HOW TO COMPLETE THIS TASK:
An identical copy of every entry below is the required output.

STORED DATA:
***
lemma sets_keep_distance: "keep_distance g1 g2 D x y \<in> sets noise_space"
proof -
  have "{q \<in> space noise_space. \<forall>n. bd_cocycle g1 g2 n q x = bd_cocycle g1 g2 n q y + D}
      \<in> sets noise_space"
    by measurable
  then show ?thesis by (simp add: keep_distance_def)
qed

lemma keep_distance_iff_shift:
  "q \<in> keep_distance g1 g2 D x y \<longleftrightarrow>
     x = y + D \<and> shift q \<in> keep_distance g1 g2 D (bd_step g1 g2 q x) (bd_step g1 g2 q y)"
proof -
  let ?kept = "\<lambda>n. bd_cocycle g1 g2 n q x = bd_cocycle g1 g2 n q y + D"
  have "(\<forall>n. ?kept n) \<longleftrightarrow> ?kept 0 \<and> (\<forall>n. ?kept (Suc n))"
    by (metis not0_implies_Suc)
  then show ?thesis
    unfolding keep_distance_def mem_Collect_eq by (simp only: bd_cocycle_Suc_shift) simp
qed

lemma keep_distance_empty: "x \<noteq> y + D \<Longrightarrow> keep_distance g1 g2 D x y = {}"
  unfolding keep_distance_def by (auto intro: exI[of _ 0])

text \<open>From \<open>(D, 0)\<close> a joint downward step is impossible, since \<open>0 - 1 = 0\<close> on \<open>nat\<close>.\<close>

lemma keep_distance_split:
  assumes "g1 > 0" "g2 > 0" "D > 0"
  shows "keep_distance g1 g2 D (y + D) y =
     {q. q 0 < birth_prob g1 g2 (y + D) \<and> shift q \<in> keep_distance g1 g2 D (Suc y + D) (Suc y)} \<union>
     {q. 0 < y \<and> birth_prob g1 g2 y \<le> q 0 \<and> shift q \<in> keep_distance g1 g2 D (y - 1 + D) (y - 1)}"
    (is "_ = ?A \<union> ?B")
proof (intro set_eqI)
  fix q :: "nat \<Rightarrow> real"
  have p_less: "birth_prob g1 g2 (y + D) < birth_prob g1 g2 y"
    using birth_prob_strict_antimono assms by simp
  consider (both_up) "q 0 < birth_prob g1 g2 (y + D)"
    | (apart) "birth_prob g1 g2 (y + D) \<le> q 0" "q 0 < birth_prob g1 g2 y"
    | (both_down) "birth_prob g1 g2 y \<le> q 0"
    by linarith
  then show "q \<in> keep_distance g1 g2 D (y + D) y \<longleftrightarrow> q \<in> ?A \<union> ?B"
  proof cases
    case both_up
    then show ?thesis
      using p_less by (simp add: keep_distance_iff_shift[of q] bd_step_birth_prob)
  next
    case apart
    then show ?thesis
      using \<open>D > 0\<close> by (simp add: keep_distance_iff_shift[of q] bd_step_birth_prob keep_distance_empty)
  next
    case both_down
    show ?thesis
    proof (cases "y = 0")
      case True
      then show ?thesis
        using both_down p_less \<open>D > 0\<close>
        by (simp add: keep_distance_iff_shift[of q] bd_step_birth_prob keep_distance_empty)
    next
      case False
      then have "y + D - 1 = y - 1 + D" by simp
      then show ?thesis
        using both_down p_less False by (simp add: keep_distance_iff_shift[of q] bd_step_birth_prob)
    qed
  qed
qed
***
FINISHED TASK:
lemma sets_keep_distance: "keep_distance g1 g2 D x y \<in> sets noise_space"
proof -
  have "{q \<in> space noise_space. \<forall>n. bd_cocycle g1 g2 n q x = bd_cocycle g1 g2 n q y + D}
      \<in> sets noise_space"
    by measurable
  then show ?thesis by (simp add: keep_distance_def)
qed

lemma keep_distance_iff_shift:
  "q \<in> keep_distance g1 g2 D x y \<longleftrightarrow>
     x = y + D \<and> shift q \<in> keep_distance g1 g2 D (bd_step g1 g2 q x) (bd_step g1 g2 q y)"
proof -
  let ?kept = "\<lambda>n. bd_cocycle g1 g2 n q x = bd_cocycle g1 g2 n q y + D"
  have "(\<forall>n. ?kept n) \<longleftrightarrow> ?kept 0 \<and> (\<forall>n. ?kept (Suc n))"
    by (metis not0_implies_Suc)
  then show ?thesis
    unfolding keep_distance_def mem_Collect_eq by (simp only: bd_cocycle_Suc_shift) simp
qed

lemma keep_distance_empty: "x \<noteq> y + D \<Longrightarrow> keep_distance g1 g2 D x y = {}"
  unfolding keep_distance_def by (auto intro: exI[of _ 0])

text \<open>From \<open>(D, 0)\<close> a joint downward step is impossible, since \<open>0 - 1 = 0\<close> on \<open>nat\<close>.\<close>

lemma keep_distance_split:
  assumes "g1 > 0" "g2 > 0" "D > 0"
  shows "keep_distance g1 g2 D (y + D) y =
     {q. q 0 < birth_prob g1 g2 (y + D) \<and> shift q \<in> keep_distance g1 g2 D (Suc y + D) (Suc y)} \<union>
     {q. 0 < y \<and> birth_prob g1 g2 y \<le> q 0 \<and> shift q \<in> keep_distance g1 g2 D (y - 1 + D) (y - 1)}"
    (is "_ = ?A \<union> ?B")
proof (intro set_eqI)
  fix q :: "nat \<Rightarrow> real"
  have p_less: "birth_prob g1 g2 (y + D) < birth_prob g1 g2 y"
    using birth_prob_strict_antimono assms by simp
  consider (both_up) "q 0 < birth_prob g1 g2 (y + D)"
    | (apart) "birth_prob g1 g2 (y + D) \<le> q 0" "q 0 < birth_prob g1 g2 y"
    | (both_down) "birth_prob g1 g2 y \<le> q 0"
    by linarith
  then show "q \<in> keep_distance g1 g2 D (y + D) y \<longleftrightarrow> q \<in> ?A \<union> ?B"
  proof cases
    case both_up
    then show ?thesis
      using p_less by (simp add: keep_distance_iff_shift[of q] bd_step_birth_prob)
  next
    case apart
    then show ?thesis
      using \<open>D > 0\<close> by (simp add: keep_distance_iff_shift[of q] bd_step_birth_prob keep_distance_empty)
  next
    case both_down
    show ?thesis
    proof (cases "y = 0")
      case True
      then show ?thesis
        using both_down p_less \<open>D > 0\<close>
        by (simp add: keep_distance_iff_shift[of q] bd_step_birth_prob keep_distance_empty)
    next
      case False
      then have "y + D - 1 = y - 1 + D" by simp
      then show ?thesis
        using both_down p_less False by (simp add: keep_distance_iff_shift[of q] bd_step_birth_prob)
    qed
  qed
qed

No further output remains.